Token Budgeting
When you have a fixed context window (e.g., 128K tokens), every token matters. Laconic helps you fit more documents into the same budget without lossy truncation.
The Math
Say you’re building a prompt with retrieved context:
- System prompt: 2,000 tokens
- User query: 500 tokens
- Available for context: 125,500 tokens
- Retrieved docs: 150,000 tokens — doesn’t fit
Option A: Truncate. Lose information.
Option B: Compress with Laconic. If your docs are structure-heavy (tables, HTML, badges), you recover 15–50% of that space.
Budget-Aware Pipeline
#!/bin/bash
BUDGET=125000
USED=0
for doc in retrieved_docs/*.md; do
# Get token count of compressed version
stats=$(laconic compress -j "$doc" 2>/dev/null)
tokens=$(echo "$stats" | jq '.compressed_tokens')
NEXT=$((USED + tokens))
if [ "$NEXT" -gt "$BUDGET" ]; then
echo "Budget full at $USED tokens. Skipping remaining docs." >&2
break
fi
# Output compressed text
echo "$stats" | jq -r '.text'
echo "---"
USED=$NEXT
done
Python Example
import subprocess
import json
def compress_and_budget(docs: list[str], budget: int) -> str:
context_parts = []
used = 0
for doc in docs:
result = subprocess.run(
["laconic", "compress", "-j", "-"],
input=doc, capture_output=True, text=True,
)
data = json.loads(result.stdout)
tokens = data["compressed_tokens"]
if used + tokens > budget:
break
context_parts.append(data["text"])
used += tokens
return "\n---\n".join(context_parts)
Fast Mode for Large Batches
If you’re processing hundreds of docs and just need the compressed text (not token counts), use fast mode to skip the BPE tokenizer entirely:
# Compress 500 docs in under a second
for doc in corpus/*.md; do
laconic compress -f "$doc" > "compressed/$(basename "$doc")"
done
You can then count tokens separately on just the winners, or use your LLM provider’s tokenizer.

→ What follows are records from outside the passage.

lemma ex_real_enumeration_with_last:
  fixes S :: "complex set"
  assumes fin: "finite S" and card: "card S = k" and l: "l \<in> S" and real: "S \<subseteq> \<real>"
  obtains \<mu> :: "nat \<Rightarrow> real" where "inj_on \<mu> {1..k}" "complex_of_real (\<mu> k) = l"
    "(\<lambda>i. complex_of_real (\<mu> i)) ` {1..k-1} = S - {l}"
proof -
  have k: "k \<ge> 1" using fin card l by (auto simp: Suc_le_eq card_gt_0_iff)
  have "finite (S - {l})" "card (S - {l}) = k - 1" using fin card l by (simp_all add: card_Diff_singleton)
  then obtain g where g: "bij_betw g {1..k-1} (S - {l})" using ex_bij_betw_nat_finite_1 by metis
  define \<mu> where "\<mu> i = (if i = k then Re l else Re (g i))" for i
  have "l \<in> \<real>" using l real by blast
  then have \<mu>k: "complex_of_real (\<mu> k) = l" by (simp add: \<mu>_def of_real_Re)
  have \<mu>g: "complex_of_real (\<mu> i) = g i" if i: "i \<in> {1..k-1}" for i
  proof -
    have "g i \<in> \<real>" using bij_betw_apply[OF g i] real by blast
    moreover have "i \<noteq> k" using i k by auto
    ultimately show ?thesis by (simp add: \<mu>_def of_real_Re)
  qed
  have "(\<lambda>i. complex_of_real (\<mu> i)) ` {1..k-1} = g ` {1..k-1}" by (rule image_cong[OF refl \<mu>g])
  also have "\<dots> = S - {l}" by (rule bij_betw_imp_surj_on[OF g])
  finally have image: "(\<lambda>i. complex_of_real (\<mu> i)) ` {1..k-1} = S - {l}" .
  have "inj_on (\<lambda>i. complex_of_real (\<mu> i)) {1..k-1}"
    using inj_on_cong[of "{1..k-1}" "\<lambda>i. complex_of_real (\<mu> i)" g] \<mu>g g unfolding bij_betw_def by simp
  moreover have "complex_of_real (\<mu> k) \<notin> (\<lambda>i. complex_of_real (\<mu> i)) ` {1..k-1}"
    unfolding image \<mu>k by simp
  moreover have "{1..k} = insert k {1..k-1}" "{1..k-1} - {k} = {1..k-1}" using k by auto
  ultimately have "inj_on (complex_of_real \<circ> \<mu>) {1..k}" by (simp add: comp_def)
  then have "inj_on \<mu> {1..k}" by (rule inj_on_imageI2)
  then show ?thesis using that \<mu>k image by blast
qed

lemma ex_eigenvalue_certificate:
  assumes A: "A \<in> carrier_mat n n" and herm: "hermitian_mat A"
    and l: "eigenvalue A l" and simple: "Polynomial.order l (char_poly A) = 1"
    and card: "card {m. eigenvalue A m} = k"
  shows "\<exists>\<mu>. eigenvalue_certificate A n k \<mu>"
proof -
  obtain d P Q where sim: "similar_mat_wit A (mat_diag n d) P Q"
    using hermitian_mat_diagonalizable[OF A herm] by blast
  obtain j0 where j0: "j0 < n" "d j0 = l" and unique: "\<And>j. j < n \<Longrightarrow> d j = l \<Longrightarrow> j = j0"
    using simple_eigenvalue_mat_diag_index[OF sim simple] by blast
  have real: "{m. eigenvalue A m} \<subseteq> \<real>" using hermitian_mat_eigenvalue_real[OF A herm] by blast
  obtain \<mu> where inj: "inj_on \<mu> {1..k}" and \<mu>k: "complex_of_real (\<mu> k) = l"
    and others: "(\<lambda>i. complex_of_real (\<mu> i)) ` {1..k-1} = {m. eigenvalue A m} - {l}"
    using ex_real_enumeration_with_last[OF finite_eigenvalues[OF A] card _ real] l by blast
  have sing: "\<forall>i \<in> {1..k-1}. det (A - complex_of_real (\<mu> i) \<cdot>\<^sub>m 1\<^sub>m n) = 0"
    using others unfolding eigenvalue_det[OF A] char_matrix_eq_shift[OF A] by blast
  have shifts: "d j \<in> (\<lambda>i. complex_of_real (\<mu> i)) ` set [1..<k]" if j: "j < n" "j \<noteq> j0" for j
  proof -
    have "eigenvalue A (d j)"
      using similar_mat_diag_col_eigenvector[OF A sim j(1)] unfolding eigenvalue_def by blast
    moreover have "set [1..<k] = {1..k-1}" by auto
    ultimately show ?thesis using others unique[OF j(1)] j(2) by auto
  qed
  have "complex_of_real (\<Prod>i = 1..k-1. \<mu> k - \<mu> i) = (\<Prod>i \<leftarrow> [1..<k]. l - complex_of_real (\<mu> i))"
    unfolding prod_list_upt_eq_prod of_real_prod \<mu>k[symmetric] by simp
  moreover have "l \<in> \<real>" using real l by blast
  ultimately have "mat_list_prod n (map (\<lambda>i. A - complex_of_real (\<mu> i) \<cdot>\<^sub>m 1\<^sub>m n) [1..<k])
      = (complex_of_real (\<Prod>i = 1..k-1. \<mu> k - \<mu> i) / (col P j0 \<bullet>c col P j0)) \<cdot>\<^sub>m outer_adj (col P j0)"
    using mat_list_prod_shifts_eq_outer_adj[OF A herm sim j0 unique _ shifts] by simp
  moreover have "col P j0 \<in> carrier_vec n" "col P j0 \<noteq> 0\<^sub>v n" "A *\<^sub>v col P j0 = l \<cdot>\<^sub>v col P j0"
    using similar_mat_diag_col_eigenvector[OF A sim j0(1)] j0 A unfolding eigenvector_def by auto
  ultimately show ?thesis
    unfolding eigenvalue_certificate_def using inj sing \<mu>k by blast
qed

theorem lemma4p1:
  fixes H :: "complex mat" and n k :: nat
  assumes "psd_mat H n"
    and "least_eigenvalue_simple H"
    and "2 \<le> k" and "k \<le> n"
  shows "(card {m. eigenvalue H m} = k \<longleftrightarrow>
          (\<exists>\<mu> :: nat \<Rightarrow> real. inj_on \<mu> {1..k} \<and>
             (\<forall>i \<in> {1..k-1}. det (H - complex_of_real (\<mu> i) \<cdot>\<^sub>m 1\<^sub>m n) = 0) \<and>
             (\<exists>\<alpha> \<in> carrier_vec n. \<alpha> \<noteq> 0\<^sub>v n \<and>
                mat_list_prod n (map (\<lambda>i. H - complex_of_real (\<mu> i) \<cdot>\<^sub>m 1\<^sub>m n) [1..<k])
                  = (complex_of_real (\<Prod>i = 1..k-1. \<mu> k - \<mu> i) / (\<alpha> \<bullet>c \<alpha>)) \<cdot>\<^sub>m outer_adj \<alpha>
                \<and> H *\<^sub>v \<alpha> = complex_of_real (\<mu> k) \<cdot>\<^sub>v \<alpha>)))
     \<and> (\<forall>\<mu> :: nat \<Rightarrow> real. (inj_on \<mu> {1..k} \<and>
             (\<forall>i \<in> {1..k-1}. det (H - complex_of_real (\<mu> i) \<cdot>\<^sub>m 1\<^sub>m n) = 0) \<and>
             (\<exists>\<alpha> \<in> carrier_vec n. \<alpha> \<noteq> 0\<^sub>v n \<and>
                mat_list_prod n (map (\<lambda>i. H - complex_of_real (\<mu> i) \<cdot>\<^sub>m 1\<^sub>m n) [1..<k])
                  = (complex_of_real (\<Prod>i = 1..k-1. \<mu> k - \<mu> i) / (\<alpha> \<bullet>c \<alpha>)) \<cdot>\<^sub>m outer_adj \<alpha>
                \<and> H *\<^sub>v \<alpha> = complex_of_real (\<mu> k) \<cdot>\<^sub>v \<alpha>))
          \<longrightarrow> {m. eigenvalue H m} = (\<lambda>i. complex_of_real (\<mu> i)) ` {1..k})"
proof -
  have A: "H \<in> carrier_mat n n" and herm: "hermitian_mat H"
    using assms(1) unfolding psd_mat_def by (auto intro: hermitian_mat_if_adjoint_eq)
  obtain l where l: "eigenvalue H l" and simple: "Polynomial.order l (char_poly H) = 1"
    using assms(2) unfolding least_eigenvalue_simple_def simple_eigenvalue_def by blast
  have k: "1 \<le> k" using assms(3) by simp
  have "card {m. eigenvalue H m} = k \<longleftrightarrow> (\<exists>\<mu>. eigenvalue_certificate H n k \<mu>)"
    using ex_eigenvalue_certificate[OF A herm l simple] card_eigenvalues_if_certificate[OF A herm _ k]
    by blast
  moreover have "eigenvalue_certificate H n k \<mu> \<longrightarrow> {m. eigenvalue H m} = (\<lambda>i. complex_of_real (\<mu> i)) ` {1..k}"
    for \<mu> using eigenvalues_eq_if_certificate[OF A herm _ k] by blast
  ultimately show ?thesis unfolding eigenvalue_certificate_def[symmetric] by blast
qed

end
(* For $n\in\{3,4\}$ and every $\delta>0$, there exists a cake-cutting instance with $n$ players exhibiting an $\alpha$-dumping paradox with respect to the egalitarian welfare (for connected divisions) with $\alpha\ge \frac n2-\delta$.
   Context: A cake is the interval $[0,1]$. There are $n$ players $1,\dots,n$; each player $i$ has a valuation $v_i$, a nonatomic countably additive probability measure on the Borel subsets of $[0,1]$. A (connected) division $x$ is a sequence $(X_1,\dots,X_n)$ of pairwise disjoint open intervals of $[0,1]$ (possibly empty), $X_i$ being the piece of player $i$; it is complete if the union of the closures of the $X_i$ equals $[0,1]$, and partial otherwise. Write $u_i(x,j)=v_i(X_j)$. $x$ is envy-free if $u_i(x,i)\ge u_i(x,j)$ for all $i,j$. Egalitarian welfare: $eg(x)=\min_i u_i(x,i)$. For $\alpha>1$, an instance exhibits an egalitarian $\alpha$-dumping paradox if there exists an envy-free partial division $y$ such that $eg(y)\ge \alpha\,eg(x)$ for every envy-free complete division $x$. *)

theory Defs
  imports "HOL-Probability.Probability"
begin

definition nonatomic :: "'a measure \<Rightarrow> bool" where
  "nonatomic M \<longleftrightarrow> (\<forall>A\<in>sets M. emeasure M A > 0 \<longrightarrow>
      (\<exists>B\<in>sets M. B \<subseteq> A \<and> 0 < emeasure M B \<and> emeasure M B < emeasure M A))"

definition valuation :: "real measure \<Rightarrow> bool" where
  "valuation v \<longleftrightarrow> prob_space v \<and> space v = {0..1}
     \<and> sets v = sets (restrict_space borel {0..1}) \<and> nonatomic v"
lemma muS_kernel_integral_tail:
  assumes "0 < a" "1/2 < s" "s < 1"
  shows "set_integrable lborel {a<..} (\<lambda>t. Cs s * t powr (-1 - 2 * s) * (1 + t))"
    and "(LINT t:{a<..}|lborel. Cs s * t powr (-1 - 2 * s) * (1 + t))
          = Cs s * (a powr (-2 * s) / (2 * s) + a powr (1 - 2 * s) / (2 * s - 1))"
proof -
  let ?f = "\<lambda>t. Cs s * t powr (-1 - 2 * s) * (1 + t)"
  let ?F = "\<lambda>t. Cs s * (t powr (-2 * s) / (-2 * s) + t powr (1 - 2 * s) / (1 - 2 * s))"
  have deriv: "(?F has_real_derivative ?f t) (at t)" if "0 < t" for t
  proof -
    have "((\<lambda>t. t powr (-2 * s) / (-2 * s)) has_real_derivative t powr (-1 - 2 * s)) (at t)"
      by (rule has_real_derivative_powr_div[OF that]) (use assms(2) in auto)
    moreover have "((\<lambda>t. t powr (1 - 2 * s) / (1 - 2 * s)) has_real_derivative t powr (-2 * s)) (at t)"
      by (rule has_real_derivative_powr_div[OF that]) (use assms(2) in auto)
    ultimately have "(?F has_real_derivative Cs s * (t powr (-1 - 2 * s) + t powr (-2 * s))) (at t)"
      by (intro DERIV_cmult DERIV_add)
    moreover have "t powr (-1 - 2 * s) * t = t powr (-2 * s)"
      using powr_mult_base[OF less_imp_le[OF that], of "-1 - 2 * s"] by (simp add: mult.commute)
    ultimately show ?thesis by (simp add: algebra_simps)
  qed
  have lim_a: "((?F \<circ> real_of_ereal) \<longlongrightarrow> ?F a) (at_right (ereal a))"
    unfolding ereal_tendsto_simps
  proof (rule tendsto_mono[OF at_le])
    show "(?F \<longlongrightarrow> ?F a) (at a)"
      using DERIV_isCont[OF deriv[OF assms(1)]] by (simp add: isCont_def)
  qed simp
  have lim_top: "((?F \<circ> real_of_ereal) \<longlongrightarrow> 0) (at_left \<infinity>)"
  proof -
    have "((\<lambda>t::real. t powr (-2 * s)) \<longlongrightarrow> 0) at_top" "((\<lambda>t::real. t powr (1 - 2 * s)) \<longlongrightarrow> 0) at_top"
      using assms(2) by (auto intro!: tendsto_neg_powr filterlim_ident)
    then have "(?F \<longlongrightarrow> Cs s * (0 / (-2 * s) + 0 / (1 - 2 * s))) at_top"
      using assms(2) by (intro tendsto_intros) auto
    then show ?thesis unfolding ereal_tendsto_simps by simp
  qed
  have nonneg: "AE t in lborel. ereal a < ereal t \<longrightarrow> ereal t < \<infinity> \<longrightarrow> 0 \<le> ?f t"
    using Cs_pos[of s] assms by (intro AE_I2) auto
  have cont: "isCont ?f t" if "ereal a < ereal t" "ereal t < \<infinity>" for t
    using that assms(1) by (intro continuous_intros) auto
  note FTC = interval_integral_FTC_nonneg[OF _ _ cont nonneg lim_a lim_top]
  show "set_integrable lborel {a<..} ?f"
    using FTC(1) deriv assms(1) by simp
  have "(LBINT t=a..\<infinity>. ?f t) = (LINT t:{a<..}|lborel. ?f t)"
    by (simp add: interval_lebesgue_integral_def)
  moreover have "0 - ?F a = Cs s * (a powr (-2 * s) / (2 * s) + a powr (1 - 2 * s) / (2 * s - 1))"
    using assms(2) by (simp add: field_simps)
  ultimately show "(LINT t:{a<..}|lborel. ?f t) = Cs s * (a powr (-2 * s) / (2 * s) + a powr (1 - 2 * s) / (2 * s - 1))"
    using FTC(2) deriv assms(1) by simp
qed
(* Let $N,\mu,\beta,\sigma,\gamma,p>0$ and $0<\rho<1$ and consider $$\begin{aligned}S'&=\mu N-\tfrac{\beta}{N}S(1-\rho)I-\tfrac{p}{N}S-\mu S, & E'&=\tfrac{\beta}{N}S(1-\rho)I-(\sigma+\mu) E, & I'&=\sigma E-(\gamma+\mu) I,\\ R'&=\gamma I-\mu R, & V'&=\tfrac{p}{N}S-\mu V.\end{aligned}$$ Let $\Sigma=\{(S,E,I,R,V)\in\mathbb{R}_+^5:S+E+I+R+V=N\}$, $\Omega=\{(S,E,I)\in\mathbb{R}_+^3:S+E+I\le N\}$ and $\mathcal{R}_0=\dfrac{\mu N\sigma\beta(1-\rho)}{(\sigma+\mu)(\gamma+\mu)(p+\mu N)}$. If $\mathcal{R}_0>1$ and the initial condition $(S_0,E_0,I_0,R(0),V_0)\in\Sigma$ satisfies $(S_0,E_0,I_0)\in\operatorname{int}\Omega$, then the solution converges as $t\to+\infty$ to the endemic equilibrium $P^e=(S^e,E^e,I^e,R^e,V^e)$, where $$S^e=\frac{(\sigma+\mu)(\gamma+\mu)N}{\sigma\beta(1-\rho)},\quad I^e=\frac{\mu N\sigma\beta(1-\rho)-(\sigma+\mu)(\gamma+\mu)(p+\mu N)}{(\sigma+\mu)(\gamma+\mu)\beta(1-\rho)},$$ $$E^e=\frac{\gamma+\mu}{\sigma}I^e,\quad R^e=\frac{\gamma}{\mu}I^e,\quad V^e=\frac{p}{\mu N}S^e.$$
   Context: SEIR model with vaccination at constant effective rate $p$ and equal birth/death rate $\mu$; $\mathcal{R}_0$ is the reproductive number. *)

theory Defs
  imports "HOL-Analysis.Analysis"
begin

definition SigmaSet :: "real \<Rightarrow> (real \<times> real \<times> real \<times> real \<times> real) set" where
  "SigmaSet N = {(S,E,I,R,V). S \<ge> 0 \<and> E \<ge> 0 \<and> I \<ge> 0 \<and> R \<ge> 0 \<and> V \<ge> 0 \<and> S + E + I + R + V = N}"

definition OmegaSet :: "real \<Rightarrow> (real \<times> real \<times> real) set" where
  "OmegaSet N = {(S,E,I). S \<ge> 0 \<and> E \<ge> 0 \<and> I \<ge> 0 \<and> S + E + I \<le> N}"

definition R0 :: "real \<Rightarrow> real \<Rightarrow> real \<Rightarrow> real \<Rightarrow> real \<Rightarrow> real \<Rightarrow> real \<Rightarrow> real" where
  "R0 N \<mu> \<beta> \<sigma> \<gamma> p \<rho> =
     (\<mu> * N * \<sigma> * \<beta> * (1 - \<rho>)) / ((\<sigma> + \<mu>) * (\<gamma> + \<mu>) * (p + \<mu> * N))"

end

theory Submission
  imports Defs
begin

(* The (S, E, I) subsystem does not involve R and V. Along it, the Volterra-type function
   L = (S - Se ln S) + (E - Ee ln E) + (sigma + mu)/sigma (I - Ie ln I)
   satisfies L' <= - (p/N + mu) (S - Se)^2 / S: after using the equilibrium equations the
   remaining terms are a negative multiple of r1 + r2 + r3 - 3 for three ratios with product 1,
   which is nonnegative by AM-GM. So L is nonincreasing; its sublevel set keeps S, E, I positive
   and bounded, L converges, and a Barbalat-type argument forces S -> Se. Then S + E, I, R and V
   each satisfy a relaxation equation x' = u - k x whose input u converges, which yields the
   remaining limits. *)

lemma eventually_at_top_nonnegE:
  fixes P :: "real \<Rightarrow> bool"
  assumes "\<forall>\<^sub>F t in at_top. P t"
  obtains T where "T \<ge> 0" "\<And>t. t \<ge> T \<Longrightarrow> P t"
proof -
  obtain T where "\<And>t. t \<ge> T \<Longrightarrow> P t" using assms by (auto simp: eventually_at_top_linorder)
  then show thesis by (intro that[of "max T 0"]) auto
qed

lemma real_mvt_within:
  fixes f f' :: "real \<Rightarrow> real"
  assumes "a < b" "{a..b} \<subseteq> X"
    and deriv: "\<And>t. t \<in> {a..b} \<Longrightarrow> (f has_real_derivative f' t) (at t within X)"
  shows "\<exists>z\<in>{a<..<b}. f b - f a = (b - a) * f' z"
proof -
  have "(f has_derivative (*) (f' t)) (at t within {a..b})" if "a \<le> t" "t \<le> b" for t
    using DERIV_subset[OF deriv[of t] assms(2)] that by (simp add: has_field_derivative_def)
  then show ?thesis
    using mvt_simple[OF \<open>a < b\<close>, of f "\<lambda>t. (*) (f' t)"] by (auto simp: mult.commute)
qed

lemma DERIV_within_nonpos_imp_nonincreasing:
  fixes f f' :: "real \<Rightarrow> real"
  assumes "a \<le> b" "{a..b} \<subseteq> X"
    and deriv: "\<And>t. t \<in> {a..b} \<Longrightarrow> (f has_real_derivative f' t) (at t within X)"
    and nonpos: "\<And>t. t \<in> {a..b} \<Longrightarrow> f' t \<le> 0"
  shows "f b \<le> f a"
proof (cases "a = b")
  case False
  then obtain z where "z \<in> {a<..<b}" "f b - f a = (b - a) * f' z"
    using real_mvt_within[of a b X f f'] assms by force
  moreover have "(b - a) * f' z \<le> 0"
    using nonpos[of z] \<open>z \<in> {a<..<b}\<close> by (intro mult_nonneg_nonpos) auto
  ultimately show ?thesis by simp
qed simp

lemma lipschitz_on_halfline_if_bounded_derivative:
  fixes f f' :: "real \<Rightarrow> real"
  assumes deriv: "\<And>t. t \<ge> 0 \<Longrightarrow> (f has_real_derivative f' t) (at t within {0..})"
    and bound: "\<And>t. t \<ge> 0 \<Longrightarrow> \<bar>f' t\<bar> \<le> B"
  shows "B-lipschitz_on {0..} f"
proof (rule bounded_derivative_imp_lipschitz)
  show "(f has_derivative (*) (f' t)) (at t within {0..})" if "t \<in> {0..}" for t
    using deriv that by (auto simp: has_field_derivative_def)
  show "onorm ((*) (f' t)) \<le> B" if "t \<in> {0..}" for t
    using bound[of t] that by (intro onorm_le) (auto simp: abs_mult intro: mult_right_mono)
  show "0 \<le> B" using bound[of 0] by simp
qed simp

lemma antimono_bdd_below_tendsto_Inf:
  fixes f :: "real \<Rightarrow> real"
  assumes antimono: "\<And>s t. 0 \<le> s \<Longrightarrow> s \<le> t \<Longrightarrow> f t \<le> f s"
    and bdd: "\<And>t. t \<ge> 0 \<Longrightarrow> B \<le> f t"
  shows "(f \<longlongrightarrow> Inf (f ` {0..})) at_top"
proof (rule decreasing_tendsto)
  have bdd': "bdd_below (f ` {0..})" using bdd by (auto simp: bdd_below_def)
  show "\<forall>\<^sub>F t in at_top. Inf (f ` {0..}) \<le> f t"
    using eventually_ge_at_top[of 0] by eventually_elim (simp add: cInf_lower bdd')
  fix x assume "Inf (f ` {0..}) < x"
  then obtain T where T: "T \<ge> 0" "f T < x" using bdd' by (auto simp: cInf_less_iff)
  then have "f t < x" if "t \<ge> T" for t using antimono[of T t] that by linarith
  then show "\<forall>\<^sub>F t in at_top. f t < x"
    by (auto simp: eventually_at_top_linorder)
qed

lemma barbalat_tendsto_zero:
  fixes f f' u :: "real \<Rightarrow> real"
  assumes lim: "(f \<longlongrightarrow> l) at_top"
    and deriv: "\<And>t. t \<ge> 0 \<Longrightarrow> (f has_real_derivative f' t) (at t within {0..})"
    and "c > 0" and dominated: "\<And>t. t \<ge> 0 \<Longrightarrow> f' t \<le> - c * u t"
    and lip: "K-lipschitz_on {0..} u"
    and nonneg: "\<And>t. t \<ge> 0 \<Longrightarrow> 0 \<le> u t"
  shows "(u \<longlongrightarrow> 0) at_top"
proof (rule order_tendstoI)
  fix a :: real assume "a < 0"
  then show "\<forall>\<^sub>F t in at_top. a < u t"
    by (intro eventually_at_top_linorderI[of 0]) (use nonneg in force)
next
  fix \<epsilon> :: real assume "\<epsilon> > 0"
  have "K \<ge> 0" using lip by (simp add: lipschitz_on_def)
  define \<delta> where "\<delta> = \<epsilon> / (2 * (K + 1))"
  have "\<delta> > 0" "K * \<delta> < \<epsilon> / 2"
    using \<open>K \<ge> 0\<close> \<open>\<epsilon> > 0\<close> by (auto simp: \<delta>_def field_simps)
  have "\<forall>\<^sub>F t in at_top. dist (f t) l < c * \<epsilon> * \<delta> / 4"
    using lim \<open>c > 0\<close> \<open>\<epsilon> > 0\<close> \<open>\<delta> > 0\<close> by (intro tendstoD) auto
  then obtain T where T: "T \<ge> 0" "\<And>t. t \<ge> T \<Longrightarrow> \<bar>f t - l\<bar> < c * \<epsilon> * \<delta> / 4"
    by (auto simp: dist_real_def elim: eventually_at_top_nonnegE)
  have "u t < \<epsilon>" if "t \<ge> T" for t
  proof (rule ccontr)
    assume "\<not> u t < \<epsilon>"
    have "t \<ge> 0" using T(1) that by linarith
    obtain z where z: "z \<in> {t<..<t + \<delta>}" "f (t + \<delta>) - f t = \<delta> * f' z"
      using real_mvt_within[of t "t + \<delta>" "{0..}" f f'] deriv \<open>\<delta> > 0\<close> \<open>t \<ge> 0\<close> by auto
    \<comment> \<open>the Lipschitz bound keeps u above \<epsilon>/2 on the whole window, so f drops by a fixed amount\<close>
    have "\<bar>u z - u t\<bar> \<le> K * (z - t)"
      using lipschitz_onD[OF lip, of z t] z \<open>t \<ge> 0\<close> by (simp add: dist_real_def)
    also have "\<dots> \<le> K * \<delta>" using z \<open>K \<ge> 0\<close> by (intro mult_left_mono) auto
    finally have "u z > \<epsilon> / 2" using \<open>\<not> u t < \<epsilon>\<close> \<open>K * \<delta> < \<epsilon> / 2\<close> by linarith
    then have "c * (\<epsilon> / 2) < c * u z" using \<open>c > 0\<close> by (rule mult_strict_left_mono)
    then have "f' z < - (c * \<epsilon> / 2)" using dominated[of z] z \<open>t \<ge> 0\<close> by simp
    then have "\<delta> * f' z < \<delta> * - (c * \<epsilon> / 2)" using \<open>\<delta> > 0\<close> by (rule mult_strict_left_mono)
    then have "f (t + \<delta>) - f t < - c * \<epsilon> * \<delta> / 2" using z by (simp add: algebra_simps)
    moreover have "\<bar>f (t + \<delta>) - f t\<bar> < c * \<epsilon> * \<delta> / 2"
      using T(2)[of t] T(2)[of "t + \<delta>"] that \<open>\<delta> > 0\<close> by linarith
    ultimately show False by linarith
  qed
  then show "\<forall>\<^sub>F t in at_top. u t < \<epsilon>"
    by (auto simp: eventually_at_top_linorder)
qed
text \<open>For T in Fred_k the kernel V is finite-dimensional, of dimension r \<ge> k. The function
  d j = dim (V \<inter> W_j) falls from r to 0, and by at most one at each step because W_(j+1) has
  codimension one in W_j. Hence V has exactly one exact type J: the r positions where d drops.
  Moreover, for 1 \<le> i \<le> r we get i \<le> d m iff m \<le> j_(r-i). With m = lam_i + k - i this turns the
  incidence conditions that define Sigma_lam into the domination J \<succeq>_k lam.\<close>

context vector_space
begin

lemma finite_basis_exists:
  assumes "V \<subseteq> span F" "finite F"
  obtains B where "finite B" "B \<subseteq> V" "independent B" "V \<subseteq> span B" "card B = dim V"
proof -
  obtain B where "B \<subseteq> V" "independent B" "V \<subseteq> span B" "card B = dim V"
    using basis_exists by blast
  moreover have "finite B"
    using independent_span_bound[OF assms(2) \<open>independent B\<close>] \<open>B \<subseteq> V\<close> assms(1) by blast
  ultimately show thesis using that by blast
qed

lemma dim_mono_findim:
  assumes "A \<subseteq> B" "B \<subseteq> span F" "finite F"
  shows "dim A \<le> dim B"
proof -
  obtain C where "finite C" "B \<subseteq> span C" "card C = dim B"
    using finite_basis_exists[OF assms(2,3)] by metis
  then show ?thesis using dim_le_card[of A C] assms(1) by auto
qed

lemma dim_less_findim:
  assumes "subspace A" "A \<subset> B" "B \<subseteq> span F" "finite F"
  shows "dim A < dim B"
proof -
  obtain C where C: "finite C" "C \<subseteq> A" "independent C" "A \<subseteq> span C" "card C = dim A"
    using finite_basis_exists[of A F] assms by blast
  obtain b where b: "b \<in> B" "b \<notin> A" using assms(2) by blast
  have "span C = A" using span_subspace[OF C(2,4) assms(1)] .
  then have "b \<notin> span C" using b by simp
  then have "independent (insert b C)" using independent_insertI C(3) by blast
  moreover obtain D where "finite D" "B \<subseteq> span D" "card D = dim B"
    using finite_basis_exists[OF assms(3,4)] by metis
  moreover have "insert b C \<subseteq> B" using b C(2) assms(2) by blast
  ultimately have "card (insert b C) \<le> dim B"
    using independent_span_bound[of D "insert b C"] by auto
  moreover have "b \<notin> C" using \<open>b \<notin> span C\<close> span_base by blast
  ultimately show ?thesis using C(1,5) by simp
qed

Stacking with Other Optimizations
Laconic compresses the structure. You can stack it with other techniques:
| Technique | What it removes | Typical savings |
|---|---|---|
| Laconic | Decorative markdown structure | 15–50% on structured docs |
| Prompt caching | Repeated prefix tokens | Up to 90% cost reduction |
| Batch API | Nothing — just cheaper pricing | 50% cost reduction |
These are multiplicative. Laconic + prompt caching + batch API can reduce effective cost by 95%+ on structure-heavy workloads.